Treatment result depends on the site of capillary malformation and size and depths of the abnormal blood vessels. It is clinically difficult to predict results before laser treatment is given. The majority of patients respond to treatment, but most are unlikely to have complete disappearance of the capillary malformation.

When children grow it is likely that a capillary malformation will get darker in colour. Repeated courses of laser treatment are usually needed.

Associated syndromes

Sturge-Weber syndrome
A capillary malformation appearing on the face can occasionally be related to a rare condition called Sturge-Weber syndrome (SWS). It is a neurological disorder affecting the skin, brain and eyes and can lead to epilepsy, glaucoma and learning difficulties, with symptoms often appearing in the first year of a child’s life.

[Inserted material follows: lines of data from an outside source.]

lemma thread:
  assumes nonempty: "\<And>n. Lev n \<noteq> {}"
  obtains T where "\<And>n. T n \<in> Lev n" "\<And>n. T (Suc n) \<subseteq> T n"
proof -
  have "\<forall>m\<ge>0. \<exists>P\<in>Lev m. P \<subseteq> UNIV" using nonempty by blast
  then have "\<exists>Q. extendable 0 Q" using ex_extendable_below by blast
  moreover have "\<exists>Q'. extendable (Suc n) Q' \<and> Q' \<subseteq> Q" if "extendable n Q" for n Q
  proof -
    have "\<forall>m\<ge>Suc n. \<exists>P\<in>Lev m. P \<subseteq> Q" using that unfolding extendable_def by auto
    from ex_extendable_below[OF this] obtain Q' m P
      where "extendable (Suc n) Q'" "Suc n \<le> m" "P \<in> Lev m" "P \<subseteq> Q'" "P \<subseteq> Q" by blast
    moreover have "Q \<in> Lev n" using that unfolding extendable_def by blast
    ultimately show ?thesis using coherent[of n "Suc n" m P Q' Q] unfolding extendable_def by auto
  qed
  ultimately obtain T where "\<And>n. extendable n (T n) \<and> T (Suc n) \<subseteq> T n"
    using dependent_nat_choice[of extendable "\<lambda>_ Q Q'. Q' \<subseteq> Q"] by blast
  then show thesis using that unfolding extendable_def by blast
qed

end

section \<open>Isomorphisms of profinite completions from threads of relations\<close>

lemma carrier_profinite_completion_iff:
  "x \<in> carrier (profinite_completion K) \<longleftrightarrow>
     x \<in> (\<Pi>\<^sub>E N\<in>fin_index_normals K. rcosets\<^bsub>K\<^esub> N) \<and>
     (\<forall>N\<in>fin_index_normals K. \<forall>M\<in>fin_index_normals K. M \<subseteq> N \<longrightarrow> x M \<subseteq> x N)"
  by (simp add: profinite_completion_def carrier_FactGroup_eq_rcosets)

If a child’s capillary malformation is on the forehead, eyelid or scalp, they should be checked by a paediatrician who may consider running an MRI scan.

Klippel-Trenaunay syndrome
Klippel-Trenaunay syndrome consists of three symptoms often seen together: capillary malformation, venous malformations and limb hypertrophy (extra growth of a limb). The syndrome is present at birth but the port wine stain is often the only visible sign. It can be difficult to diagnose until other symptoms become apparent. It affects about one in every 20,000 to 40,000 children.

Macrocephaly-capillary malformation (M-CM)
M-CM is a multiple malformation syndrome causing body and head overgrowth and abnormalities of the skin, vascular system, brain and limbs. The disorder has recently (June 2012) been attributed to a genetic mutation in a gene called PIK3CA. The mutation in M-CM is thought to always occur after cell division begins and is therefore very unlikely to be inherited. A mutation that happens at this stage results in different percentages of cells being affected in different individuals, so there is significant variability in how severely each individual is affected.

A diagnosis of M-CM is currently made based solely on clinical observations. Though not every affected individual has all features, commonly found signs include macrocephaly, congenital macrosomia, extensive cutaneous capillary malformations, body asymmetry, extra or fused fingers or toes, lax joints, doughy skin, variable developmental delays and other neurologic problems such as seizures and low muscle tone. 

This site does not provide medical advice and is not a substitute for medical or professional care, and if you see a birthmark growing or changing significantly, see a specialist.